Wenn sich freilich herausstellen sollte, daß der dem Kläger zustehende Schadensbetrag den ihm vom Schiedsgericht zugesprochenen Betrag von 3000 S nicht wesentlich übersteigt, könnte er ungeachtet der allfälligen Verstöße gegen das Gesetz mangels Schadens die Amtshaftung nicht in Anspruch nehmen.
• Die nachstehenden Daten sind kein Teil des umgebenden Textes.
lemma nbhd_low_degree_subset: "nbhd V E (deg_set V E 1 \<union> deg_set V E 2) \<subseteq> deg_set V E 3 - D"
proof
  fix v assume "v \<in> nbhd V E (deg_set V E 1 \<union> deg_set V E 2)"
  then obtain x where x: "x \<in> V" "degree V E x < 3" "E x v" and "v \<in> V"
    by (auto simp: nbhd_def deg_set_def)
  then show "v \<in> deg_set V E 3 - D"
    using neighbour_of_low_degree_has_degree_3[OF x] neighbour_of_low_degree_not_in_D[OF x]
    by (simp add: deg_set_def)
qed

lemma weight_neighbour_of_leaf:
  assumes "degree V E u = 1" "E u v"
  shows "weight E D v = 2"
proof -
  have V: "u \<in> V" "v \<in> V" using assms(2) adj_in_V by auto
  have "u \<notin> D" using not_in_D_if_degree_less_3 assms(1) by simp
  then have "weight E D u = weight E D v / 2"
    using D_subset V tdist_from_leaf[OF assms] by (intro weight_halves) auto
  with weight_eq_1_if_degree_less_3[OF V(1)] assms(1) show ?thesis by simp
qed

lemma weight_near_degree_2:
  assumes "degree V E c = 2" "E c s"
  shows "weight E D s \<le> 3/2" and "\<And>t. E s t \<Longrightarrow> t \<noteq> c \<Longrightarrow> weight E D t \<le> 11/4"
proof -
  have cV: "c \<in> V" "c \<notin> D" using assms adj_in_V not_in_D_if_degree_less_3 by auto
  obtain c' where "c' \<noteq> s" and nbrs: "{p. E c p} = {c', s}"
    using neighbours_eq_insert[of c "{s}"] assms by auto
  then have "E c c'" by auto
  \<comment> \<open>P and R are the contributions at c of the members of D beyond c' and beyond s;
    P + R = 1 and 2 P + R / 2 \<ge> 1 (the weight at c') give P \<ge> 1/3.\<close>
  define A where "A = {d \<in> D. tdist c d = tdist c' d + 1}"
  define P where "P = weight E A c"
  define R where "R = weight E (D - A) c"
  have A: "A \<subseteq> V" "D - A \<subseteq> V" "A \<subseteq> D" using D_subset by (auto simp: A_def)
  have V: "s \<in> V" "c' \<in> V" using assms(2) \<open>E c c'\<close> adj_in_V by auto
  have split: "weight E D u = weight E A u + weight E (D - A) u" for u
    using weight_Diff[OF finite_D A(3)] .
  have "P \<ge> 0" "R \<ge> 0" unfolding P_def R_def by (simp_all add: weight_nonneg)
  have "P + R = 1"
    using split weight_eq_1_if_degree_less_3 cV assms(1) unfolding P_def R_def by simp
  have "weight E A c = weight E A c' / 2"
    using A V cV by (intro weight_halves) (auto simp: A_def)
  moreover have "weight E (D - A) c' = weight E (D - A) c / 2"
    using tdist_adj_cases[OF \<open>E c c'\<close>] A V cV by (intro weight_halves) (auto simp: A_def)
  ultimately have "weight E D c' = 2 * P + R / 2" using split unfolding P_def R_def by simp
  then have "P \<ge> 1/3" using weight_ge_1[OF V(2)] \<open>P + R = 1\<close> by simp
  have A_away: "weight E A s = P / 2" "\<And>t. E s t \<Longrightarrow> t \<noteq> c \<Longrightarrow> weight E A t = P / 4"
    using weight_away_from_side[OF A(1) \<open>E c c'\<close> assms(2) \<open>c' \<noteq> s\<close>[symmetric]] unfolding P_def A_def
    by auto
  have "weight E (D - A) c = weight E (D - A) s / 2"
    using tdist_via_other_neighbour[OF nbrs] A V cV by (intro weight_halves) (auto simp: A_def)
  then have B_s: "weight E (D - A) s = 2 * R" unfolding R_def by simp
  then show "weight E D s \<le> 3/2"
    using split A_away(1) \<open>P + R = 1\<close> \<open>P \<ge> 1/3\<close> by simp
  fix t assume "E s t" "t \<noteq> c"
  have "weight E (D - A) t \<le> 4 * R"
    using weight_adj_le[OF A(2) \<open>E s t\<close>] B_s by simp
  then show "weight E D t \<le> 11/4"
    using split A_away(2)[OF \<open>E s t\<close> \<open>t \<noteq> c\<close>] \<open>P + R = 1\<close> \<open>P \<ge> 1/3\<close> by simp
qed

lemma leaf_not_at_distance_2_from_degree_2:
  assumes "u \<in> deg_set V E 1" "w \<in> deg_set V E 2"
  shows "gdist E u w \<noteq> 2"
proof
  have V: "u \<in> V" "w \<in> V" and deg: "degree V E u = 1" "degree V E w = 2"
    using assms by (simp_all add: deg_set_def)
  assume "gdist E u w = 2"
  then have "tdist u w = 2" using V by (simp add: gdist_eq_numeral_iff)
  then obtain v where "E u v" "E v w" by (rule tdist_eq_2E[OF V])
  then have "weight E D v = 2" using weight_neighbour_of_leaf[OF deg(1)] by blast
  moreover have "weight E D v \<le> 3/2"
    using weight_near_degree_2(1)[OF deg(2) adj_sym[OF \<open>E v w\<close>]] .
  ultimately show False by simp
qed

lemma cherry_third_neighbourE:
  assumes "degree V E u1 = 1" "degree V E u2 = 1" "E u1 v" "E u2 v" "u1 \<noteq> u2"
  obtains z where "degree V E v = 3" "E v z" "weight E D z = 4"
    "\<And>d. d \<in> V \<Longrightarrow> d \<notin> {v, u1, u2} \<Longrightarrow> tdist v d = tdist z d + 1"
proof -
  have low: "u1 \<in> V" "degree V E u1 < 3" "E u1 v" using assms(1,3) adj_in_V by auto
  have "degree V E v = 3" "v \<notin> D"
    using neighbour_of_low_degree_has_degree_3[OF low] neighbour_of_low_degree_not_in_D[OF low]
    by simp_all
  obtain z where "E v z"
    and toward_z: "\<And>d. d \<in> V \<Longrightarrow> d \<notin> {v, u1, u2} \<Longrightarrow> tdist v d = tdist z d + 1"
    using toward_third_neighbourE[OF \<open>degree V E v = 3\<close> assms] by blast
  have "{v, u1, u2} \<inter> D = {}"
    using \<open>v \<notin> D\<close> not_in_D_if_degree_less_3 assms(1,2) by auto
  then have "weight E D v = weight E D z / 2"
    using D_subset toward_z adj_in_V[OF \<open>E v z\<close>] by (intro weight_halves) auto
  with weight_neighbour_of_leaf[OF assms(1,3)] have "weight E D z = 4" by simp
  then show thesis by (rule that[OF \<open>degree V E v = 3\<close> \<open>E v z\<close> _ toward_z])
qed

lemma leaf_pair_not_near_degree_2:
  assumes "u1 \<in> deg_set V E 1" "u2 \<in> deg_set V E 1" "w \<in> deg_set V E 2"
    and "gdist E u1 u2 = 2"
  shows "gdist E u1 w \<noteq> 3 \<and> gdist E u1 w \<noteq> 4"
proof -
  have V: "u1 \<in> V" "u2 \<in> V" "w \<in> V"
    and deg: "degree V E u1 = 1" "degree V E u2 = 1" "degree V E w = 2"
    using assms(1-3) by (simp_all add: deg_set_def)
  have "tdist u1 u2 = 2" using assms(4) V by (simp add: gdist_eq_numeral_iff)
  then obtain v where "E u1 v" "E v u2" by (rule tdist_eq_2E[OF V(1,2)])
  have "u1 \<noteq> u2" using \<open>tdist u1 u2 = 2\<close> by auto
  obtain z where "degree V E v = 3" "E v z" "weight E D z = 4"
    and toward_z: "\<And>d. d \<in> V \<Longrightarrow> d \<notin> {v, u1, u2} \<Longrightarrow> tdist v d = tdist z d + 1"
    using cherry_third_neighbourE[OF deg(1,2) \<open>E u1 v\<close> adj_sym[OF \<open>E v u2\<close>] \<open>u1 \<noteq> u2\<close>]
    by blast
  have zV: "z \<in> V" using \<open>E v z\<close> adj_in_V by blast
  have "w \<notin> {v, u1, u2}" using deg \<open>degree V E v = 3\<close> by auto
  then have "tdist u1 w = tdist z w + 2"
    using tdist_from_leaf[OF deg(1) \<open>E u1 v\<close> V(3)] toward_z[OF V(3)] by simp
  moreover have "tdist z w \<noteq> 1"
  proof
    assume "tdist z w = 1"
    then have "E z w" using tdist_eq_1_iff[OF zV V(3)] by simp
    then show False
      using weight_near_degree_2(1)[OF deg(3) adj_sym[OF \<open>E z w\<close>]] \<open>weight E D z = 4\<close>
      by simp
  qed
  moreover have "tdist z w \<noteq> 2"
  proof
    assume "tdist z w = 2"
    then obtain s where "E z s" "E s w" by (rule tdist_eq_2E[OF zV V(3)])
    moreover have "z \<noteq> w" using \<open>tdist z w = 2\<close> by auto
    ultimately show False
      using weight_near_degree_2(2)[OF deg(3) adj_sym[OF \<open>E s w\<close>] adj_sym[OF \<open>E z s\<close>]]
        \<open>weight E D z = 4\<close> by simp
  qed
  ultimately show ?thesis using V by (simp add: gdist_eq_numeral_iff)
qed

end

theorem theorem3:
  fixes V :: "'a set" and E :: "'a \<Rightarrow> 'a \<Rightarrow> bool" and D :: "'a set"
  assumes "tree V E" and "subcubic V E"
    and "real (gamma_e V E) = gamma_ef V E" and "gamma_ef V E > 1"
    and "min_porous_exp_dom V E D"
  shows "(\<forall>u \<in> deg_set V E 1 \<union> deg_set V E 2. weight E D u = 1)
    \<and> D \<subseteq> deg_set V E 3
    \<and> nbhd V E (deg_set V E 1 \<union> deg_set V E 2) \<subseteq> deg_set V E 3 - D
    \<and> \<not> (\<exists>u \<in> deg_set V E 1. \<exists>w \<in> deg_set V E 2. gdist E u w = 2)
    \<and> \<not> (\<exists>u1 \<in> deg_set V E 1. \<exists>u2 \<in> deg_set V E 1. \<exists>v \<in> deg_set V E 2.
          gdist E u1 u2 = 2 \<and> (gdist E u1 v = 3 \<or> gdist E u1 v = 4))"
proof -
  interpret tight_subcubic_tree V E D
    by (rule tight_subcubic_tree.intro[OF tree_graph.intro tight_subcubic_tree_axioms.intro])
      (fact assms)+
  have "\<forall>u \<in> deg_set V E 1 \<union> deg_set V E 2. weight E D u = 1"
    by (auto simp: deg_set_def intro: weight_eq_1_if_degree_less_3)
  moreover have "D \<subseteq> deg_set V E 3"
    using D_subset degree_eq_3_if_in_D by (auto simp: deg_set_def)
  ultimately show ?thesis
    using nbhd_low_degree_subset leaf_not_at_distance_2_from_degree_2 leaf_pair_not_near_degree_2
    by blast
qed

end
Dasselbe könnte der Fall sein, wenn der Kläger seinen Schaden verspätet angemeldet hätte und es so zur Bewilligung des verfrüht einsetzenden Hasenabschusses nicht gekommen wäre, allerdings nur dann, wenn der Schaden durch eine solche Bewilligung ganz oder teilweise hätte abgewendet werden können. Hingegen spielt es keine ausschlaggebende Rolle, daß der Kläger ungeachtet ordnungsgemäßer Zustellung der Ladung zur Schiedsgerichtsverhandlung an dieser nicht teilgenommen hat. Denn das Schiedsgericht hatte auch ohne Anwesenheit der Beteiligten das nach der Sachkenntnis der Schiedsrichter Erforderliche zu veranlassen (§ 104 Abs. 2 des Gesetzes).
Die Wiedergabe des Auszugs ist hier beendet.